А затем нас прервали. С полными силами возвращающаяся к своим обязанностям, выскочившая из преподавательской Ирина Андреевна уже готовилась гаркнуть на меня, но я сбросила звонок и зашла обратно в аудиторию.

***





Занятия теперь длились запредельно медленно, с усилием. Я осталась под впечатлением выходки научрука, на перерывах всё снова и снова возвращаясь к теме терпенов. А ведь в справочниках мне попадалось, что тимол является монотерпеновым фенолом… Вещество, над аналогом которого я работала в лаборатории, профигурировало в лекции, когда Ирина Андреевна рассказывала про получение ментола. И хоть никакой прямой связи я не видела, кроме той, что вещества относятся к одному классу, мне почему-то стало приятно, что я приложила руку к изучению этих веществ на практике.

Останусь ли я "химичить" под руководством Антона Кулибина было важным и открытым вопросом… Смогу ли продолжать практиковаться в синтезах, проводить время за чаепитиями в нелицеприятном, но уже привычном коллективе, видеть его… К концу учебного дня стало гадко думать, что я могла бы простить директору этот поступок. Не могла бы. Не могла! Но и перестать думать о нём было не менее невыполнимой задачей. К сожалению, Антон открылся мне с такой мерзкой стороны, когда отказаться от его предложения работать в лаборатории я уже не представляла возможным.

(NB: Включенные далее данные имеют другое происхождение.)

lemma sum_margprob_scaleR_eq_sum_action_average:
  fixes F :: "('m::finite \<Rightarrow> 's::finite) \<Rightarrow> ('m \<Rightarrow> 'a::finite) \<Rightarrow> 'v::real_vector"
  assumes "\<And>t i ob. (\<Sum>j\<in>UNIV. pol \<theta> t i ob j) = 1"
    and "\<And>t i j c. (\<Sum>i'\<in>UNIV. phi t i j c i') = 1"
    and "t \<in> {1..H}"
  shows "(\<Sum>x\<in>UNIV. \<Sum>y\<in>UNIV. margprob H b0 pol obs phi \<theta> t x y *\<^sub>R F x y) =
    (\<Sum>sa\<in>trajs (t - 1). trajprob (t - 1) b0 pol obs phi \<theta> sa *\<^sub>R
       (\<Sum>y\<in>UNIV. jointpol pol obs \<theta> t (fst sa t) y *\<^sub>R F (fst sa t) y))"
  using assms by (simp add: sum_margprob_scaleR sum_trajprob_time_marginal[where G = F])

lemma finite_Omega: "finite (Omega M H :: (nat \<Rightarrow> ('s::finite,'a::finite) ctab) set)"
proof -
  define B :: "('s,'a) ctab set" where
    "B = Pi\<^sub>E UNIV (\<lambda>_. {..M}) \<times> Pi\<^sub>E UNIV (\<lambda>_. Pi\<^sub>E UNIV (\<lambda>_. {..M})) \<times>
         Pi\<^sub>E UNIV (\<lambda>_. Pi\<^sub>E UNIV (\<lambda>_. Pi\<^sub>E UNIV (\<lambda>_. {..M})))"
  have "N t \<in> B" if "N \<in> Omega M H" "t \<in> {1..H}" for N t
  proof -
    let ?n1 = "fst (N t)" and ?n2 = "fst (snd (N t))" and ?n3 = "snd (snd (N t))"
    have s1: "(\<Sum>i\<in>UNIV. ?n1 i) = M"
      and s2: "\<And>i. (\<Sum>j\<in>UNIV. ?n2 i j) = ?n1 i"
      and s3: "\<And>i j. (\<Sum>i'\<in>UNIV. ?n3 i j i') = ?n2 i j"
      using that unfolding Omega_def by auto
    have "?n1 i \<le> M" for i
      using member_le_sum[of i UNIV ?n1] s1 by simp
    moreover have "?n2 i j \<le> M" for i j
      using member_le_sum[of j UNIV "?n2 i"] s2[of i] \<open>?n1 i \<le> M\<close> by simp
    moreover have "?n3 i j i' \<le> M" for i j i'
      using member_le_sum[of i' UNIV "?n3 i j"] s3[of i j] \<open>?n2 i j \<le> M\<close> by simp
    ultimately show ?thesis
      unfolding B_def by (cases "N t") (auto simp: PiE_UNIV_domain)
  qed
  then have "Omega M H \<subseteq> {N. \<forall>t. (t \<in> {1..H} \<longrightarrow> N t \<in> B) \<and> (t \<notin> {1..H} \<longrightarrow> N t = zero_ctab)}"
    unfolding Omega_def by blast
  moreover have "finite B"
    unfolding B_def by (intro finite_cartesian_product finite_PiE) auto
  ultimately show ?thesis
    by (blast intro: finite_subset finite_set_of_finite_funs)
qed

lemma counts_in_Omega:
  "sa \<in> trajs H \<Longrightarrow>
   counts H (sa :: (nat \<Rightarrow> 'm::finite \<Rightarrow> 's::finite) \<times> (nat \<Rightarrow> 'm \<Rightarrow> 'a::finite)) \<in> Omega CARD('m) H"
  unfolding Omega_def counts_def by (simp add: sum_cnt1 sum_cnt2 sum_cnt3)

lemma sum_countprob_scaleR:
  fixes F :: "(nat \<Rightarrow> ('s::finite, 'a::finite) ctab) \<Rightarrow> 'v::real_vector"
  shows "(\<Sum>N\<in>Omega CARD('m) H. countprob H b0 pol obs phi \<theta> (agents :: 'm::finite itself) N *\<^sub>R F N) =
   (\<Sum>sa\<in>trajs H. trajprob H b0 pol obs phi \<theta> sa *\<^sub>R F (counts H (sa :: (nat \<Rightarrow> 'm \<Rightarrow> 's) \<times> _)))"
  unfolding countprob_def
  by (rule sum_fiber_weights_scaleR) (auto simp: finite_trajs finite_Omega counts_in_Omega)

theorem theorem3:
  fixes H :: nat
    and b0 :: "'s::finite \<Rightarrow> real"
    and pol :: "'p::euclidean_space \<Rightarrow> nat \<Rightarrow> 's \<Rightarrow> 'o \<Rightarrow> 'a::finite \<Rightarrow> real"
    and obs :: "'s \<Rightarrow> ('s \<Rightarrow> nat) \<Rightarrow> 'o"
    and phi :: "nat \<Rightarrow> 's \<Rightarrow> 'a \<Rightarrow> ('s \<Rightarrow> nat) \<Rightarrow> 's \<Rightarrow> real"
    and fw :: "'s \<Rightarrow> 'a \<Rightarrow> 'o \<Rightarrow> real"
    and \<theta> :: 'p
    and agents :: "'m::finite itself"
  assumes b0_nonneg: "\<And>i. b0 i \<ge> 0"
    and b0_sum: "(\<Sum>i\<in>UNIV. b0 i) = 1"
    and pol_pos: "\<And>\<theta>' t i ob j. pol \<theta>' t i ob j > 0"
    and pol_sum: "\<And>\<theta>' t i ob. (\<Sum>j\<in>UNIV. pol \<theta>' t i ob j) = 1"
    and pol_diff: "\<And>\<theta>' t i ob j. (\<lambda>\<eta>. pol \<eta> t i ob j) differentiable (at \<theta>')"
    and phi_nonneg: "\<And>t i j n i'. phi t i j n i' \<ge> 0"
    and phi_sum: "\<And>t i j n. (\<Sum>i'\<in>UNIV. phi t i j n i') = 1"
  shows
    "(\<Sum>t\<in>{1..H}. \<Sum>x\<in>(UNIV :: ('m \<Rightarrow> 's) set). \<Sum>y\<in>(UNIV :: ('m \<Rightarrow> 'a) set).
        margprob H b0 pol obs phi \<theta> t x y *\<^sub>R
          ((\<Sum>i\<in>UNIV. \<Sum>j\<in>UNIV. real (cnt2 x y i j) * fw i j (obs i (cnt1 x))) *\<^sub>R
             grad (\<lambda>\<eta>. ln (jointpol pol obs \<eta> t x y)) \<theta>))
     =
     (\<Sum>N\<in>Omega CARD('m) H.
        countprob H b0 pol obs phi \<theta> agents N *\<^sub>R
          (\<Sum>t\<in>{1..H}. \<Sum>i\<in>UNIV. \<Sum>j\<in>UNIV.
             (real (fst (snd (N t)) i j) * fw i j (obs i (fst (N t)))) *\<^sub>R
               grad (\<lambda>\<eta>. ln (pol \<eta> t i (obs i (fst (N t))) j)) \<theta>))"
proof -
  let ?score = "\<lambda>t (x :: 'm \<Rightarrow> 's) (y :: 'm \<Rightarrow> 'a).
    \<Sum>i\<in>UNIV. \<Sum>j\<in>UNIV. (real (cnt2 x y i j) * fw i j (obs i (cnt1 x))) *\<^sub>R
      grad (\<lambda>\<eta>. ln (pol \<eta> t i (obs i (cnt1 x)) j)) \<theta>"
  have "(\<Sum>t\<in>{1..H}. \<Sum>x\<in>(UNIV :: ('m \<Rightarrow> 's) set). \<Sum>y\<in>(UNIV :: ('m \<Rightarrow> 'a) set).
          margprob H b0 pol obs phi \<theta> t x y *\<^sub>R
          ((\<Sum>i\<in>UNIV. \<Sum>j\<in>UNIV. real (cnt2 x y i j) * fw i j (obs i (cnt1 x))) *\<^sub>R
             grad (\<lambda>\<eta>. ln (jointpol pol obs \<eta> t x y)) \<theta>))
      = (\<Sum>t\<in>{1..H}. \<Sum>x\<in>UNIV. \<Sum>y\<in>UNIV. margprob H b0 pol obs phi \<theta> t x y *\<^sub>R ?score t x y)"
    by (rule sum.cong[OF refl])
      (simp only: sum_margprob_scaleR_eq_sum_action_average[OF pol_sum phi_sum]
        expected_joint_score_eq_sum_local_scores[OF pol_pos pol_sum pol_diff,
          where obs = obs and fw = fw])
  also have "\<dots> = (\<Sum>sa\<in>trajs H. trajprob H b0 pol obs phi \<theta> sa *\<^sub>R
      (\<Sum>t\<in>{1..H}. ?score t (fst sa t) (snd sa t)))"
    unfolding sum_margprob_scaleR by (simp add: scaleR_sum_right) (rule sum.swap)
  also have "\<dots> = (\<Sum>N\<in>Omega CARD('m) H. countprob H b0 pol obs phi \<theta> agents N *\<^sub>R
      (\<Sum>t\<in>{1..H}. \<Sum>i\<in>UNIV. \<Sum>j\<in>UNIV. (real (fst (snd (N t)) i j) * fw i j (obs i (fst (N t)))) *\<^sub>R
        grad (\<lambda>\<eta>. ln (pol \<eta> t i (obs i (fst (N t))) j)) \<theta>))"
    by (simp add: sum_countprob_scaleR counts_def)
  finally show ?thesis .
qed
lemma expectation_poisson_sample:
  assumes "n \<ge> 1"
  shows "integrable (poisson_pmf (real n)) (\<lambda>N. iid_expectation p N f)"
    and "measure_pmf.expectation (poisson_sample n p) f
           = measure_pmf.expectation (poisson_pmf (real n)) (\<lambda>N. iid_expectation p N f)"
  using expectation_bind_pmf[OF integrable_poisson_sample[OF assms, unfolded poisson_sample_def]
      integrable_replicate_pmf]
  by (simp_all add: poisson_sample_def iid_expectation_def)

lemma abs_expectation_poisson_sample_diff_le:
  assumes n: "n \<ge> 1"
  shows "\<bar>measure_pmf.expectation (poisson_sample n p) f - iid_expectation p n f\<bar> \<le> 7/4 * S * sqrt (real n)"
proof -
  let ?P = "poisson_pmf (real n)" and ?g = "\<lambda>N. iid_expectation p N f"
  have dev: "integrable ?P (\<lambda>N. \<bar>real N - real n\<bar>)"
    using integrable_poisson_real[of "real n"] n by simp
  have "\<bar>measure_pmf.expectation (poisson_sample n p) f - ?g n\<bar>
      = \<bar>measure_pmf.expectation ?P (\<lambda>N. ?g N - ?g n)\<bar>"
    using expectation_poisson_sample[OF n] by simp
  also have "\<dots> \<le> measure_pmf.expectation ?P (\<lambda>N. S * \<bar>real N - real n\<bar>)"
    using expectation_poisson_sample(1)[OF n] dev
    by (intro order_trans[OF integral_abs_bound] integral_mono abs_iid_expectation_diff_le) auto
  also have "\<dots> = S * measure_pmf.expectation ?P (\<lambda>N. \<bar>real N - real n\<bar>)"
    by (rule integral_mult_right_zero)
  also have "\<dots> \<le> S * (7/4 * sqrt (real n))"
    using n by (intro mult_left_mono sensitivity_nonneg expectation_poisson_abs_deviation_le) simp
  finally show ?thesis by simp
qed

text \<open>The length events are written as \<open>\<sigma> * (length xs - n)\<close> with \<open>\<sigma> = \<plusminus>1\<close>, the shape of
  \<open>poisson_sample_length_tail_le\<close>.\<close>
lemma deviation_cases:
  assumes S: "S > 0"
    and dev: "\<bar>measure_pmf.expectation (poisson_sample n p) f - iid_expectation p n f\<bar> \<le> 3/10 * \<epsilon>"
    and large: "\<epsilon> < \<bar>f xs - measure_pmf.expectation (poisson_sample n p) f\<bar>"
  shows "\<epsilon> / 5 < f xs - iid_expectation p (length xs) f
    \<or> \<epsilon> / 5 < - f xs - iid_expectation p (length xs) (\<lambda>xs. - f xs)
    \<or> \<epsilon> / (2 * S) < 1 * (real (length xs) - real n)
    \<or> \<epsilon> / (2 * S) < - 1 * (real (length xs) - real n)"
proof (rule ccontr)
  assume "\<not> ?thesis"
  then have sample: "\<bar>f xs - iid_expectation p (length xs) f\<bar> \<le> \<epsilon> / 5"
    and length: "\<bar>real (length xs) - real n\<bar> \<le> \<epsilon> / (2 * S)"
    by (auto simp: iid_expectation_uminus abs_if)
  have "\<bar>iid_expectation p (length xs) f - iid_expectation p n f\<bar> \<le> S * (\<epsilon> / (2 * S))"
    using S by (intro order_trans[OF abs_iid_expectation_diff_le mult_left_mono[OF length]]) simp
  also have "\<dots> = \<epsilon> / 2" using S by simp
  finally show False using sample dev large by linarith
qed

Поэтому размышления на тему синтеза не покидали меня все оставшиеся занятия, стоило зацепиться за лекции Ирины Андреевны. Я даже не знала, о чём конкретно её можно спросить, но была готова пойти на это… Потому что чувствовала, что женщина знает нечто, что мне пригодится.

После лекций и муторных, не удавшихся лабораторных я решила не посещать буфет и, не снимая истерзанного временем халата, поднялась на первый этаж.

Время уже было довольно позднее: младшие курсы, обычно заполоняющие коридоры, исчезли с наступлением крайней пары, научные сотрудники мирно и одиноко прогуливались между лабораторий, из которых пахло чем-то стерильным и по-больничному отпугивающим. Атмосфера нашей кафедры ассоциировалась у меня со страданиями, моральными усилиями над собственной психикой. Иногда я задумывалась, насколько же отчаявшиеся студенты оставались здесь в качестве лаборантов… И когда видела, как молодые лица бесперебойно сменялись, чуточку радовалась, что они освобождались от непосильной ноши и гнёта Ирины Андреевны. Судя по расписанию, висевшему у преподавательской, она до конца дня занимала девятую аудиторию, в которой мне редко доводилось бывать.

Не без щемящей неприкрытой тревоги я решилась постучать в дверь, на что в ответ в конце длинного аркообразного коридора охранник поднялся со стула и недовольно уложил руки на грудь. Наверное, я его разбудила.

— Ирина Андреевна, можно? — момент стука оказался точкой отсчёта.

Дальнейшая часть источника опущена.